On the table was a full-fledged Laura’s Law effort targeting 75 individuals that would have cost $2.2 million a year and a cheaper, smaller three-year pilot project that would have involved only 10 individuals at a cost of $630,000. Despite the insistence of almost everyone to the contrary, money is an issue. The reason that many counties throughout California are now adopting Laura’s Law is because in 2013, the State Legislature passed a bill allowing such programs to be paid for with proceeds of Proposition 63, the 2004 statewide ballot initiative imposing a tax on millionaires to fund mental health programs.

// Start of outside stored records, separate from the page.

theorem lemma4p1:
  fixes p c :: real and N :: nat and a :: "nat \<Rightarrow> real"
    and y :: "nat \<Rightarrow> real^'n" and K :: "real^'n \<Rightarrow> real" and x :: "real^'n"
  assumes "p > 2" and "c > 0" and "N \<ge> 1"
    and "\<forall>i<N. a i > 0"
    and "C2 K" and "concave_on UNIV K"
    and "x \<notin> y ` {..<N}"
    and "grad (\<lambda>z. (\<Sum>i<N. a i * fund_sol c p (z - y i)) + K z) x \<noteq> 0"
  shows "p_laplacian p (\<lambda>z. (\<Sum>i<N. a i * fund_sol c p (z - y i)) + K z) x \<le> 0"
proof -
  define b where "b = (real CARD('n) + p - 2) / (p - 1)"
  define G where "G z = (\<Sum>i<N. (- c * a i) *\<^sub>R radial_power b (z - y i)) + grad K z" for z
  define S where "S = - y ` {..<N}"
  have b: "b * (p - 1) = real CARD('n) + p - 2"
    using assms(1) by (simp add: b_def)
  have S: "open S" "x \<in> S"
    using assms(7) by (auto simp: S_def intro!: finite_imp_closed)
  have dK: "(K has_derivative (\<lambda>h. grad K z \<bullet> h)) (at z)" for z
    using assms(5) by (simp add: C2_def has_derivative_grad)
  have grad_u: "grad (\<lambda>z. (\<Sum>i<N. a i * fund_sol c p (z - y i)) + K z) z = G z" if "z \<in> S" for z
    using has_derivative_add[OF has_derivative_fund_sol_potential[OF _ b] dK] assms(1) that
    by (intro grad_eqI) (auto simp: G_def S_def inner_add_left)
  have "(G has_derivative (\<lambda>h. (\<Sum>i<N. (- c * a i) *\<^sub>R radial_power_derivative b (x - y i) h)
      + hess K x *v h)) (at x)"
    unfolding G_def using S(2)
    by (intro has_derivative_add has_derivative_sum has_derivative_scaleR_right
        has_derivative_translate has_derivative_radial_power C2_has_derivative_grad[OF assms(5)])
      (auto simp: S_def)
  then have "p_laplacian p (\<lambda>z. (\<Sum>i<N. a i * fund_sol c p (z - y i)) + K z) x
      = norm (G x) powr (p - 2) *
        ((\<Sum>i<N. (- c * a i) * normalized_p_laplacian p (G x) (radial_power_derivative b (x - y i)))
          + normalized_p_laplacian p (G x) (\<lambda>h. hess K x *v h))"
    by (simp only: p_laplacian_eq_normalized[OF S grad_u]
        normalized_p_laplacian_lincomb[OF finite_lessThan])
  also have "\<dots> \<le> 0"
  proof -
    have "normalized_p_laplacian p (G x) (radial_power_derivative b (x - y i)) \<ge> 0" if "i < N" for i
      using that S(2) assms(1,8) b grad_u[OF S(2)]
      by (intro normalized_p_laplacian_radial_power_nonneg) (auto simp: S_def)
    moreover have "normalized_p_laplacian p (G x) (\<lambda>h. hess K x *v h) \<le> 0"
      using assms(1) concave_on_hessian_nonpos[OF assms(6) dK C2_has_derivative_grad[OF assms(5)]]
      by (intro normalized_p_laplacian_nonpos) auto
    ultimately show ?thesis
      using assms(2,4)
      by (intro mult_nonneg_nonpos add_nonpos_nonpos sum_nonpos mult_nonpos_nonneg) auto
  qed
  finally show ?thesis .
qed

Earlier this year, Santa Barbara County mental health officials concluded an exhaustive community deliberation to divvy up those funds. Even if the supervisors adopted the 10-person pilot program, that money would have to be taken from a mental health initiative that’s already been funded. The supervisors voted to revisit the issue of Laura’s Law later, but only after examining the progress Gleghorn has made in reforming her department sometime within the year. Supervisors Doreen Farr and Salud Carbajal supported enacting Laura’s law. Supervisors Steve Lavagnino, Peter Adam, and Janet Wolf voted against.